— Available records —
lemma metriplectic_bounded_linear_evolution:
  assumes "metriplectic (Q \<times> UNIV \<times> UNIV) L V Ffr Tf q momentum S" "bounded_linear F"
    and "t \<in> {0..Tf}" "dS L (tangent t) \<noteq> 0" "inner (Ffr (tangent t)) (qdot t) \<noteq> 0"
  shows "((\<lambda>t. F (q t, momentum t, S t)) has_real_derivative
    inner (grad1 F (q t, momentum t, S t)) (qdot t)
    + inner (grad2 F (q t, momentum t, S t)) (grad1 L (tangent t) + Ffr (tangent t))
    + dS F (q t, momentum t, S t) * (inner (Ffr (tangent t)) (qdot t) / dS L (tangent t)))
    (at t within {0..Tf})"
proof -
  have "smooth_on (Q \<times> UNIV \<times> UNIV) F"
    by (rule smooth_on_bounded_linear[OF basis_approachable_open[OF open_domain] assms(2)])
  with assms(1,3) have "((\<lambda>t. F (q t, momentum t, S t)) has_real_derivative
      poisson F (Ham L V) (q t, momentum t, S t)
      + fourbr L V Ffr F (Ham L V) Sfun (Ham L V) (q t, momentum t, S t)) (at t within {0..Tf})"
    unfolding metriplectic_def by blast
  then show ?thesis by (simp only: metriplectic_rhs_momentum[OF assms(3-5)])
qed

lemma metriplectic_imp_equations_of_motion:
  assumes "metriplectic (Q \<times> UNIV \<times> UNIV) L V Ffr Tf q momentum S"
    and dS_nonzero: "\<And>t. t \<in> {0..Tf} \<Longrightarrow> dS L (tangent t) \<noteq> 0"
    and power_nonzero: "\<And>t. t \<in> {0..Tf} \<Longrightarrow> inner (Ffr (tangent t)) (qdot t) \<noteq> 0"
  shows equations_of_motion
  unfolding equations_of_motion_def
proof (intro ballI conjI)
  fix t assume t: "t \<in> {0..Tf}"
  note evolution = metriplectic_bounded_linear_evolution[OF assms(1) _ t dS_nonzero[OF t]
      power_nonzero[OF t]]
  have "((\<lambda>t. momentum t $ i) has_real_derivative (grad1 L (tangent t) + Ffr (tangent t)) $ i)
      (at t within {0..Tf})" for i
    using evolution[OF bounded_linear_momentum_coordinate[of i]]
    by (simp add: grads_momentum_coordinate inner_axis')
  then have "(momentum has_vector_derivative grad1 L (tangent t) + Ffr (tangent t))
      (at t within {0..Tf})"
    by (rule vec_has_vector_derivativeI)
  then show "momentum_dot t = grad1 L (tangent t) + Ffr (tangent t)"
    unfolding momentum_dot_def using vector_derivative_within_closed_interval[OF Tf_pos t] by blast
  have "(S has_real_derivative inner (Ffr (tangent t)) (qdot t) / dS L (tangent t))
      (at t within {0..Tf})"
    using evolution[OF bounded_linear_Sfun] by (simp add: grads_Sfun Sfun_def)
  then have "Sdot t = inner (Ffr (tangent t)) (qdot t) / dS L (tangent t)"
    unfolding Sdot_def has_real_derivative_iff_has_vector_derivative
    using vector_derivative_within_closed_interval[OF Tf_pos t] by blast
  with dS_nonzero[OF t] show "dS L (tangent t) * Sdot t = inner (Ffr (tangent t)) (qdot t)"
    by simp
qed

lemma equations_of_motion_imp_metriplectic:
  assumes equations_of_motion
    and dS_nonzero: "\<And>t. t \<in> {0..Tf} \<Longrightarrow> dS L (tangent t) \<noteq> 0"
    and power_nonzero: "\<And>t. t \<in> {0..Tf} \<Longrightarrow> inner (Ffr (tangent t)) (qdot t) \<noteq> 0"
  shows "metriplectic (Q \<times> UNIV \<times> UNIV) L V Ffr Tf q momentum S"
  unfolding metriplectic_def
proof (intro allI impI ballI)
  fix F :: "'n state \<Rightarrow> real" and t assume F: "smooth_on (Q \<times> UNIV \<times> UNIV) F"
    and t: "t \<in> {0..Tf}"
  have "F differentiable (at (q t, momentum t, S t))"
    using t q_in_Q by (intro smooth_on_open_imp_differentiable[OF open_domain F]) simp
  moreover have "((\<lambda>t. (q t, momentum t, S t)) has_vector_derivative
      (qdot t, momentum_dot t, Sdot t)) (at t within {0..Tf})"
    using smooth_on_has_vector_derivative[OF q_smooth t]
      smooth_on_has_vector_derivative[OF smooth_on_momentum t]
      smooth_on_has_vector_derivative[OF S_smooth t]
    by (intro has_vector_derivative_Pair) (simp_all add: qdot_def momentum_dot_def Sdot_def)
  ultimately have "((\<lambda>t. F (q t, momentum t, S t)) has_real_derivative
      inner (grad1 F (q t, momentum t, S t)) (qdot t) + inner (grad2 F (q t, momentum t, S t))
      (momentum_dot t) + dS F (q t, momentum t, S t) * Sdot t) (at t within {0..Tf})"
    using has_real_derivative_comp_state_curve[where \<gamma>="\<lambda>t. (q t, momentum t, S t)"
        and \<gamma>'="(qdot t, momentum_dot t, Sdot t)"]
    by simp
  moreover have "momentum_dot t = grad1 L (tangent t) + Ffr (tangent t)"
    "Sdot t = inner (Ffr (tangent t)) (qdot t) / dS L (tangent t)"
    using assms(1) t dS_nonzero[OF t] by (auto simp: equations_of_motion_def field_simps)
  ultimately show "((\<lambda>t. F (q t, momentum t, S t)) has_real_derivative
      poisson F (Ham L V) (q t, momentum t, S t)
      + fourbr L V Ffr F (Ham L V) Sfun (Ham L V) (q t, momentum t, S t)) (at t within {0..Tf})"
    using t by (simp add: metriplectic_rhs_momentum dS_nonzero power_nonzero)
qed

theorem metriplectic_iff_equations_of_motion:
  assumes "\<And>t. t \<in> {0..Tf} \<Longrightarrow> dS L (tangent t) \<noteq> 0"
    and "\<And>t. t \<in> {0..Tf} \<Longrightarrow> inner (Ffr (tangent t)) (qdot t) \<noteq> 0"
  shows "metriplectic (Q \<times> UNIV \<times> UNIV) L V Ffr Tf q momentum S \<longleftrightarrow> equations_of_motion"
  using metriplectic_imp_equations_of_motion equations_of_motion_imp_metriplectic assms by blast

--

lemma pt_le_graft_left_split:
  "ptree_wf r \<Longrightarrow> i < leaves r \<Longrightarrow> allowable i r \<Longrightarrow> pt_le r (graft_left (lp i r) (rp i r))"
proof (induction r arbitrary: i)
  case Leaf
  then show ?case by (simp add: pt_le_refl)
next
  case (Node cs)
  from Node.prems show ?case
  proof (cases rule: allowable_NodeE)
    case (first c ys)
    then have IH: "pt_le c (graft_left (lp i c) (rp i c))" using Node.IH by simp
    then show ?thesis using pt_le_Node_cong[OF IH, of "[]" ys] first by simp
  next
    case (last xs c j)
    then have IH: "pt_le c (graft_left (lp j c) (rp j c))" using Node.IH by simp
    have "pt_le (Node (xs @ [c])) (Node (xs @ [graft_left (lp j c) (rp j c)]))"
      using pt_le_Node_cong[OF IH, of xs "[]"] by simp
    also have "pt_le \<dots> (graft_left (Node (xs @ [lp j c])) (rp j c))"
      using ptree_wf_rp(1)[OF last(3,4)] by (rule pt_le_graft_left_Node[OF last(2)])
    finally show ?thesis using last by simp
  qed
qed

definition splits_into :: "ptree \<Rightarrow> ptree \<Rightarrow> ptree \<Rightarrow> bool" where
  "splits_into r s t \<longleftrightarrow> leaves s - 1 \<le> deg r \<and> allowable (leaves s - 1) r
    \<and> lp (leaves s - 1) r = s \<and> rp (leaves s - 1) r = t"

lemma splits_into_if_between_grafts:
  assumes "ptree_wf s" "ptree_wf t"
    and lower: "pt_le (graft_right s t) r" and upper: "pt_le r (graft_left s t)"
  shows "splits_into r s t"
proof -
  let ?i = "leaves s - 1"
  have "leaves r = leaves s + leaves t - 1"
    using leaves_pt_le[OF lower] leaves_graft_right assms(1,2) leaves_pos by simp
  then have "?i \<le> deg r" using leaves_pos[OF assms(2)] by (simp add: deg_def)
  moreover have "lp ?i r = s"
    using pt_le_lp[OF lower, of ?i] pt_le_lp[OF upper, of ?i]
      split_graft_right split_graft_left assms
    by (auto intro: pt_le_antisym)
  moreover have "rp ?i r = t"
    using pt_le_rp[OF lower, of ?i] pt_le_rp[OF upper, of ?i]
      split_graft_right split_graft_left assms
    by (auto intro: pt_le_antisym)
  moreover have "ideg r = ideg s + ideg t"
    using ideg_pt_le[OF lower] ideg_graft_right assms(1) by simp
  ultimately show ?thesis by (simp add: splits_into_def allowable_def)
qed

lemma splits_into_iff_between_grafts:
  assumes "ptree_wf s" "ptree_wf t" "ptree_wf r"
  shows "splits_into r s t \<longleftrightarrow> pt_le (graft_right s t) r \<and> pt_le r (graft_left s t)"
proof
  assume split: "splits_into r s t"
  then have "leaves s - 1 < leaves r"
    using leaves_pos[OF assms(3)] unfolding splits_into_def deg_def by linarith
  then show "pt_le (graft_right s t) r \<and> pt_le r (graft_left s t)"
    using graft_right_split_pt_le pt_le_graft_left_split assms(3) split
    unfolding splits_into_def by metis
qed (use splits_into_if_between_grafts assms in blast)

— Work to complete —
Using the listing above, gather each line that holds the string "ultimately" and copy it.

— Task response —
  ultimately have "((\<lambda>t. F (q t, momentum t, S t)) has_real_derivative
  ultimately show "((\<lambda>t. F (q t, momentum t, S t)) has_real_derivative
  ultimately show ?thesis by (simp add: splits_into_def allowable_def)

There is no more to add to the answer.